Robotic lung cancer surgery is available in India. Not everywhere, but at select surgical oncology centres that have invested in the platform and the surgical volume to use it properly. The procedure is called RATS, Robotic-Assisted Thoracoscopic Surgery. Small port incisions in the chest wall. No rib spreading. No large open cut. Stage I and II non-small cell lung cancer is where it works best, provided lung function holds up and the tumour sits in an accessible location.

According to Prof. Dr. Sandeep Nayak, Surgical Oncologist in India, “Robotic and VATS approaches have replaced open thoracotomy as the standard for operable early-stage lung cancer at high-volume centres. The chest is a space where robotic instruments genuinely outperform human hands in terms of reach and precision. Patients who qualify for robotic lung surgery avoid the rib spreading of open surgery. That’s the main driver of pain and the prolonged recovery that used to come with chest operations.”

If your lung cancer is operable, robotic surgery is worth understanding before you decide.

Who Qualifies for Robotic Lung Cancer Surgery?

Not every lung cancer patient fits. Several factors decide it.

  • Stage I or II non-small cell lung cancer: Early stage disease, confined to the lung or with limited lymph node involvement.
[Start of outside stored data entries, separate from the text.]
(* Let $s\ge1$, $d\ge0$ be integers. For every $n\times m$ $(0,1)$-matrix $M$ with ${\rm br}_s(M)\le d$, $$r(M)\cdot c(M)\le \binom{d}{\le s}2^d.$$
   Context: For a $(0,1)$-matrix $M$ of size $n\times m$, $M[i,j]$ denotes its $(i,j)$ entry and $[n]=\{1,\dots,n\}$. The $s$-binary rank ${\rm br}_s(M)$ is the minimal integer $d\ge 0$ such that there exist $d$ sets (rectangles) $I_k\times J_k$ with $I_k\subseteq[n]$, $J_k\subseteq[m]$, $k\in[d]$, with $M[i,j]=1$ for all $(i,j)\in I_k\times J_k$ and all $k$, and such that every $(i,j)$ with $M[i,j]=1$ lies in at least one and at most $s$ of the rectangles. $r(M)$ and $c(M)$ denote the numbers of distinct rows and distinct columns of $M$. $\binom{d}{\le s}=\sum_{i=0}^{s}\binom{d}{i}$. *)

theory Defs
  imports Main "HOL-Library.FuncSet"
begin

text \<open>A (0,1)-matrix of size n x m is represented as M :: nat => nat => bool with
  entries M i j for i in {1..n}, j in {1..m} (True = 1); values outside are irrelevant.\<close>

definition is_s_cover ::
  "nat \<Rightarrow> nat \<Rightarrow> nat \<Rightarrow> (nat \<Rightarrow> nat \<Rightarrow> bool) \<Rightarrow> (nat set \<times> nat set) list \<Rightarrow> bool" where
  "is_s_cover s n m M R \<longleftrightarrow>
     (\<forall>k < length R. fst (R ! k) \<subseteq> {1..n} \<and> snd (R ! k) \<subseteq> {1..m}
        \<and> (\<forall>i \<in> fst (R ! k). \<forall>j \<in> snd (R ! k). M i j)) \<and>
     (\<forall>i \<in> {1..n}. \<forall>j \<in> {1..m}. M i j \<longrightarrow>
        (let c = card {k. k < length R \<and> i \<in> fst (R ! k) \<and> j \<in> snd (R ! k)}
         in 1 \<le> c \<and> c \<le> s))"

definition br :: "nat \<Rightarrow> nat \<Rightarrow> nat \<Rightarrow> (nat \<Rightarrow> nat \<Rightarrow> bool) \<Rightarrow> nat" where
  "br s n m M = (LEAST d. \<exists>R. length R = d \<and> is_s_cover s n m M R)"

definition num_rows :: "nat \<Rightarrow> nat \<Rightarrow> (nat \<Rightarrow> nat \<Rightarrow> bool) \<Rightarrow> nat" where
  "num_rows n m M = card ((\<lambda>i. restrict (M i) {1..m}) ` {1..n})"

definition num_cols :: "nat \<Rightarrow> nat \<Rightarrow> (nat \<Rightarrow> nat \<Rightarrow> bool) \<Rightarrow> nat" where
  "num_cols n m M = card ((\<lambda>j. restrict (\<lambda>i. M i j) {1..n}) ` {1..m})"

definition binom_le :: "nat \<Rightarrow> nat \<Rightarrow> nat" where
  "binom_le d s = (\<Sum>i\<le>s. d choose i)"

end

theory Submission
  imports Defs
begin

text \<open>Label each row (column) by the set of rectangles of a minimal s-cover containing it. An
  entry is 1 exactly when the two labels meet, and then they meet in at most s rectangles; so
  distinct rows have distinct labels, and the labels form two families A, B of subsets of a
  d-element set with |X \<inter> Y| \<le> s throughout. For such families |A| |B| \<le> binom_le d s * 2^d,
  by induction on d: deleting an element x, |A| is the number of traces X - {x} plus the number
  of X with both X and X \<union> {x} in A; the traces are again s-intersecting, these pairs are
  (s-1)-intersecting, and (a + a') (b + b') \<le> 2ab + 2a'b' for a' \<le> a, b' \<le> b together with
  Pascal's rule for binom_le closes the induction.\<close>

lemma binom_le_0_left [simp]: "binom_le 0 s = 1"
  unfolding binom_le_def by (induction s) auto

lemma binom_le_0_right [simp]: "binom_le d 0 = 1"
  by (simp add: binom_le_def)

lemma binom_le_Suc_Suc:
  "binom_le (Suc d) (Suc s) = binom_le d (Suc s) + binom_le d s"
proof (induction s)
  case 0
  then show ?case by (simp add: binom_le_def)
next
  case (Suc s)
  have "binom_le (Suc d) (Suc (Suc s)) = binom_le (Suc d) (Suc s) + (Suc d choose Suc (Suc s))"
    by (simp add: binom_le_def)
  also have "\<dots> = binom_le d (Suc s) + binom_le d s + (d choose Suc s) + (d choose Suc (Suc s))"
    using Suc by simp
  also have "\<dots> = binom_le d (Suc (Suc s)) + binom_le d (Suc s)"
    by (simp add: binom_le_def)
  finally show ?case .
qed

lemma add_mult_add_le_double_products:
  fixes x u y v :: nat
  assumes "u \<le> x" "v \<le> y"
  shows "(x + u) * (y + v) \<le> 2 * (x * y) + 2 * (u * v)"
proof -
  have "int ((x + u) * (y + v)) + (int x - int u) * (int y - int v) = int (2 * (x * y) + 2 * (u * v))"
    by (simp add: algebra_simps)
  moreover have "(int x - int u) * (int y - int v) \<ge> 0"
    using assms by simp
  ultimately show ?thesis by linarith
qed

definition deletion_family :: "'a \<Rightarrow> 'a set set \<Rightarrow> 'a set set" where
  "deletion_family x A = (\<lambda>X. X - {x}) ` A"

definition pair_family :: "'a \<Rightarrow> 'a set set \<Rightarrow> 'a set set" where
  "pair_family x A = {X \<in> A. x \<notin> X \<and> insert x X \<in> A}"

lemma card_eq_card_deletion_family_add_card_pair_family:
  assumes "finite A"
  shows "card A = card (deletion_family x A) + card (pair_family x A)"
proof -
  define A0 where "A0 = {X \<in> A. x \<notin> X}"
  define A1 where "A1 = {X \<in> A. x \<in> X}"
  have "A = A0 \<union> A1"
    unfolding A0_def A1_def by blast
  then have "card A = card A0 + card A1"
    using assms card_Un_disjoint[of A0 A1] by (auto simp: A0_def A1_def)
  also have "card A1 = card ((\<lambda>X. X - {x}) ` A1)"
    by (rule card_image[symmetric], rule inj_onI) (metis A1_def insert_Diff mem_Collect_eq)
  also have "card A0 + \<dots> = card (A0 \<union> (\<lambda>X. X - {x}) ` A1) + card (A0 \<inter> (\<lambda>X. X - {x}) ` A1)"
    by (rule card_Un_Int) (use assms in \<open>simp_all add: A0_def A1_def\<close>)
  also have "A0 \<union> (\<lambda>X. X - {x}) ` A1 = deletion_family x A"
    unfolding deletion_family_def \<open>A = A0 \<union> A1\<close> image_Un by (auto simp: A0_def)
  also have "A0 \<inter> (\<lambda>X. X - {x}) ` A1 = pair_family x A"
    by (auto simp: A0_def A1_def pair_family_def insert_absorb image_iff)
  finally show ?thesis .
qed

lemma pair_family_subset_deletion_family: "pair_family x A \<subseteq> deletion_family x A"
  unfolding pair_family_def deletion_family_def by (force simp: image_iff)

lemma deletion_family_subset_Pow:
  "A \<subseteq> Pow (insert x U) \<Longrightarrow> deletion_family x A \<subseteq> Pow U"
  unfolding deletion_family_def by blast

lemma deletion_family_cross_intersection_le:
  assumes "\<forall>X\<in>A. finite X" and "\<forall>X\<in>A. \<forall>Y\<in>B. card (X \<inter> Y) \<le> s"
  shows "\<forall>X\<in>deletion_family x A. \<forall>Y\<in>deletion_family x B. card (X \<inter> Y) \<le> s"
proof (intro ballI)
  fix X Y assume "X \<in> deletion_family x A" "Y \<in> deletion_family x B"
  then obtain X' Y' where "X' \<in> A" "Y' \<in> B" "X = X' - {x}" "Y = Y' - {x}"
    unfolding deletion_family_def by blast
  then have "card (X \<inter> Y) \<le> card (X' \<inter> Y')"
    using assms(1) by (intro card_mono) auto
  also have "\<dots> \<le> s"
    using assms(2) \<open>X' \<in> A\<close> \<open>Y' \<in> B\<close> by blast
  finally show "card (X \<inter> Y) \<le> s" .
qed

lemma pair_family_cross_intersection_less:
  assumes "\<forall>X\<in>A. finite X" and "\<forall>X\<in>A. \<forall>Y\<in>B. card (X \<inter> Y) \<le> s"
  shows "\<forall>X\<in>pair_family x A. \<forall>Y\<in>pair_family x B. card (X \<inter> Y) < s"
proof (intro ballI)
  fix X Y assume X: "X \<in> pair_family x A" and Y: "Y \<in> pair_family x B"
  then have "finite (X \<inter> Y)" "x \<notin> X \<inter> Y"
    using assms(1) by (auto simp: pair_family_def)
  then have "card (X \<inter> Y) < card (insert x X \<inter> insert x Y)"
    by simp
  also have "\<dots> \<le> s"
    using assms(2) X Y unfolding pair_family_def by blast
  finally show "card (X \<inter> Y) < s" .
qed

lemma cross_intersecting_families_card_le:
  fixes A B :: "nat set set"
  assumes "A \<subseteq> Pow {..<d}" "B \<subseteq> Pow {..<d}"
    and "\<forall>X\<in>A. \<forall>Y\<in>B. card (X \<inter> Y) \<le> s"
  shows "card A * card B \<le> binom_le d s * 2 ^ d"
  using assms
proof (induction d arbitrary: s A B)
  case 0
  then have "A \<subseteq> {{}}" "B \<subseteq> {{}}" by auto
  then have "card A \<le> 1" "card B \<le> 1"
    using card_mono[of "{{}}" A] card_mono[of "{{}}" B] by simp_all
  then have "card A * card B \<le> 1"
    using mult_le_mono by fastforce
  then show ?case by simp
next
  case (Suc d)
  have fin: "finite A" "finite B" "\<forall>X\<in>A. finite X"
    using Suc.prems(1,2) by (auto intro: finite_subset)
  have sub: "deletion_family d A \<subseteq> Pow {..<d}" "deletion_family d B \<subseteq> Pow {..<d}"
    "pair_family d A \<subseteq> Pow {..<d}" "pair_family d B \<subseteq> Pow {..<d}"
    using deletion_family_subset_Pow[of _ d] pair_family_subset_deletion_family[of d]
      Suc.prems(1,2) unfolding lessThan_Suc by blast+
  have deletion_bound:
    "card (deletion_family d A) * card (deletion_family d B) \<le> binom_le d s * 2 ^ d"
    using Suc.IH[OF sub(1,2)] deletion_family_cross_intersection_le[OF fin(3) Suc.prems(3)] .
  have pairs_Int: "\<forall>X\<in>pair_family d A. \<forall>Y\<in>pair_family d B. card (X \<inter> Y) < s"
    using pair_family_cross_intersection_less[OF fin(3) Suc.prems(3)] .
  have "card (pair_family d F) \<le> card (deletion_family d F)" if "finite F" for F :: "nat set set"
    using that by (intro card_mono pair_family_subset_deletion_family) (simp add: deletion_family_def)
  then have "card A * card B
      \<le> 2 * (card (deletion_family d A) * card (deletion_family d B))
       + 2 * (card (pair_family d A) * card (pair_family d B))"
    unfolding card_eq_card_deletion_family_add_card_pair_family[where x = d, OF fin(1)]
      card_eq_card_deletion_family_add_card_pair_family[where x = d, OF fin(2)]
    using fin(1,2) by (intro add_mult_add_le_double_products)
  also have "\<dots> \<le> binom_le (Suc d) s * 2 ^ Suc d"
  proof (cases s)
    case 0
    then have "pair_family d A = {} \<or> pair_family d B = {}"
      using pairs_Int by fastforce
    then show ?thesis
      using deletion_bound 0 by auto
  next
    case (Suc s')
    then have "card (pair_family d A) * card (pair_family d B) \<le> binom_le d s' * 2 ^ d"
      using Suc.IH[OF sub(3,4)] pairs_Int by (simp add: less_Suc_eq_le)
    then show ?thesis
      using deletion_bound Suc by (simp add: binom_le_Suc_Suc algebra_simps)
  qed
  finally show ?case .
qed

lemma singleton_s_cover_exists:
  assumes "s \<ge> 1"
  shows "\<exists>R. is_s_cover s n m M R"
proof -
  define L where "L = filter (\<lambda>(i, j). M i j) (List.product [1..<Suc n] [1..<Suc m])"
  define R where "R = map (\<lambda>(i, j). ({i}, {j})) L"
  have "distinct L"
    unfolding L_def by (simp add: distinct_product)
  have set_L: "set L = {(i, j). i \<in> {1..n} \<and> j \<in> {1..m} \<and> M i j}"
    unfolding L_def by auto
  have "{k. k < length R \<and> i \<in> fst (R ! k) \<and> j \<in> snd (R ! k)} = {k. k < length L \<and> L ! k = (i, j)}"
    for i j
    unfolding R_def by (auto split: prod.splits)
  moreover have "card {k. k < length L \<and> L ! k = (i, j)} = 1"
    if "i \<in> {1..n}" "j \<in> {1..m}" "M i j" for i j
  proof -
    have "\<exists>!k. k < length L \<and> L ! k = (i, j)"
      using distinct_Ex1[OF \<open>distinct L\<close>, of "(i, j)"] that set_L by auto
    then obtain k where "{k'. k' < length L \<and> L ! k' = (i, j)} = {k}"
      by blast
    then show ?thesis by simp
  qed
  moreover have "\<forall>k < length R. fst (R ! k) \<subseteq> {1..n} \<and> snd (R ! k) \<subseteq> {1..m}
      \<and> (\<forall>i \<in> fst (R ! k). \<forall>j \<in> snd (R ! k). M i j)"
  proof (intro allI impI)
    fix k assume "k < length R"
    then have "L ! k \<in> set L"
      by (simp add: R_def)
    then show "fst (R ! k) \<subseteq> {1..n} \<and> snd (R ! k) \<subseteq> {1..m}
        \<and> (\<forall>i \<in> fst (R ! k). \<forall>j \<in> snd (R ! k). M i j)"
      using \<open>k < length R\<close> unfolding set_L R_def by (auto split: prod.splits)
  qed
  ultimately have "is_s_cover s n m M R"
    using assms unfolding is_s_cover_def Let_def by simp
  then show ?thesis ..
qed

definition row_rects :: "(nat set \<times> nat set) list \<Rightarrow> nat \<Rightarrow> nat set" where
  "row_rects R i = {k. k < length R \<and> i \<in> fst (R ! k)}"

definition col_rects :: "(nat set \<times> nat set) list \<Rightarrow> nat \<Rightarrow> nat set" where
  "col_rects R j = {k. k < length R \<and> j \<in> snd (R ! k)}"

lemma s_cover_entry_iff:
  assumes cover: "is_s_cover s n m M R" and "i \<in> {1..n}" "j \<in> {1..m}"
  shows "M i j \<longleftrightarrow> row_rects R i \<inter> col_rects R j \<noteq> {}"
    and "card (row_rects R i \<inter> col_rects R j) \<le> s"
proof -
  have Int_eq: "row_rects R i \<inter> col_rects R j = {k. k < length R \<and> i \<in> fst (R ! k) \<and> j \<in> snd (R ! k)}"
    by (auto simp: row_rects_def col_rects_def)
  have count: "1 \<le> card (row_rects R i \<inter> col_rects R j) \<and> card (row_rects R i \<inter> col_rects R j) \<le> s"
    if "M i j"
    using cover that assms(2,3) unfolding Int_eq is_s_cover_def Let_def by blast
  have rect: "M i j" if "k < length R" "i \<in> fst (R ! k)" "j \<in> snd (R ! k)" for k
    using cover that unfolding is_s_cover_def by blast
  show iff: "M i j \<longleftrightarrow> row_rects R i \<inter> col_rects R j \<noteq> {}"
  proof
    assume "M i j"
    then show "row_rects R i \<inter> col_rects R j \<noteq> {}"
      using count by auto
  next
    assume "row_rects R i \<inter> col_rects R j \<noteq> {}"
    then show "M i j"
      unfolding Int_eq using rect by blast
  qed
  show "card (row_rects R i \<inter> col_rects R j) \<le> s"
    using count iff by (cases "M i j") auto
qed

lemma s_cover_num_rows_le:
  assumes "is_s_cover s n m M R"
  shows "num_rows n m M \<le> card (row_rects R ` {1..n})"
proof -
  define row_of where "row_of X = restrict (\<lambda>j. X \<inter> col_rects R j \<noteq> {}) {1..m}" for X
  have "(\<lambda>i. restrict (M i) {1..m}) ` {1..n} = row_of ` row_rects R ` {1..n}"
    unfolding image_image row_of_def
    by (rule image_cong) (auto simp: restrict_def s_cover_entry_iff(1)[OF assms])
  then show ?thesis
    unfolding num_rows_def by (simp add: card_image_le)
qed

lemma s_cover_num_cols_le:
  assumes "is_s_cover s n m M R"
  shows "num_cols n m M \<le> card (col_rects R ` {1..m})"
proof -
  define col_of where "col_of Y = restrict (\<lambda>i. row_rects R i \<inter> Y \<noteq> {}) {1..n}" for Y
  have "(\<lambda>j. restrict (\<lambda>i. M i j) {1..n}) ` {1..m} = col_of ` col_rects R ` {1..m}"
    unfolding image_image col_of_def
    by (rule image_cong) (auto simp: restrict_def s_cover_entry_iff(1)[OF assms])
  then show ?thesis
    unfolding num_cols_def by (simp add: card_image_le)
qed

theorem lemma4:
  fixes s d n m :: nat and M :: "nat \<Rightarrow> nat \<Rightarrow> bool"
  assumes "s \<ge> 1"
    and "br s n m M \<le> d"
  shows "num_rows n m M * num_cols n m M \<le> binom_le d s * 2 ^ d"
proof -
  obtain R where "length R = br s n m M" and cover: "is_s_cover s n m M R"
    using LeastI_ex[of "\<lambda>d. \<exists>R. length R = d \<and> is_s_cover s n m M R"]
      singleton_s_cover_exists[OF assms(1)] unfolding br_def by blast
  then have "length R \<le> d"
    using assms(2) by simp
  then have "row_rects R ` {1..n} \<subseteq> Pow {..<d}" "col_rects R ` {1..m} \<subseteq> Pow {..<d}"
    by (auto simp: row_rects_def col_rects_def)
  moreover have "\<forall>X \<in> row_rects R ` {1..n}. \<forall>Y \<in> col_rects R ` {1..m}. card (X \<inter> Y) \<le> s"
    using s_cover_entry_iff(2)[OF cover] by blast
  ultimately have "card (row_rects R ` {1..n}) * card (col_rects R ` {1..m}) \<le> binom_le d s * 2 ^ d"
    by (rule cross_intersecting_families_card_le)
  moreover have "num_rows n m M * num_cols n m M
      \<le> card (row_rects R ` {1..n}) * card (col_rects R ` {1..m})"
    using s_cover_num_rows_le[OF cover] s_cover_num_cols_le[OF cover] by (rule mult_le_mono)
  ultimately show ?thesis by simp
qed

end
Robotic surgery is used with curative intent here. Stage III or IV with widespread spread needs systemic treatment first, surgery comes later if at all.
  • Adequate lung function: Pulmonary function tests, FEV1 and DLCO specifically, confirm the patient can tolerate losing a lobe. The remaining lung has to handle the full load afterwards.
  • Accessible tumour location: Peripheral tumours in the outer lung zones are the cleanest robotic candidates. Central tumours near major vessels or the main airway may need open surgery for safety.
  • No prior major chest surgery: Previous thoracotomy, thick pleural adhesions or significant scarring make port placement risky. Working space collapses. These cases often go open from the start or convert mid-procedure.

For patients whose lung cancer workup leads to a surgical decision, robotic cancer surgery covers all thoracic cancer types including lung, oesophageal and mediastinal tumours.

What Happens During and After Robotic Lung Surgery?

The operation and recovery look very different from open chest surgery.

  • The procedure: Three to four small port incisions. Robotic arms go in. No rib spreading at any point. The affected lobe, segment or wedge is removed with complete lymph node dissection. Two to four hours in theatre depending on how much lung comes out.
  • Discharge timeline: Most robotic lobectomy patients go home in 3 to 5 days. Open thoracotomy? Seven to ten. The gap is directly explained by the absence of rib spreading and the smaller wounds.
  • Pain and function: Significantly less post-operative pain. Oral analgesia within 24 to 48 hours for most patients. Shoulder and arm movement returns faster because the chest wall muscles aren’t divided the way open surgery requires.
  • Oncological outcomes: Lymph node clearance, resection margins, long-term survival. All equivalent to open surgery for the same stages. The advantage is in recovery. Not in cancer control. That’s the honest comparison.

For patients weighing robotic against open surgery for lung cancer or other cancers, our blog on open vs robotic surgery walks through the evidence side by side.

Why Choose Dr. Sandeep Nayak for Lung Cancer Surgery?

Dr. Sandeep Nayak has spent 24 years in surgical oncology. He holds DNB qualifications in Surgical Oncology and General Surgery, plus a fellowship in Laparoscopic and Robotic Onco Surgery. He performs VATS and RATS lobectomy, segmentectomy and wedge resection for lung cancer with full mediastinal lymph node dissection integrated into each operation, and has built robotic thoracic surgery into routine practice rather than treating it as an occasional procedure.

Surgical volume in robotic thoracic surgery matters more than in most specialties. The learning curve is steep and the chest leaves little room for error. Patients who choose a surgeon doing this at real volume get a different operation from one done occasionally. Call +91 8104310753 to book your consultation.

Frequently Asked Questions

Can lung cancer be removed robotically in India?

Yes, robotic RATS lobectomy is available at select centres in India.

Who is eligible for robotic lung cancer surgery?

Stage I or II NSCLC with good lung function and accessible tumour location.

What is RATS in lung cancer surgery?

Robotic-assisted thoracoscopic surgery using small chest ports and no rib spreading.

Is recovery faster with robotic lung surgery?

Yes, most patients discharge in 3 to 5 days versus 7 to 10 open.

Disclaimer: This blog is for informational purposes only and is not a substitute for professional medical advice.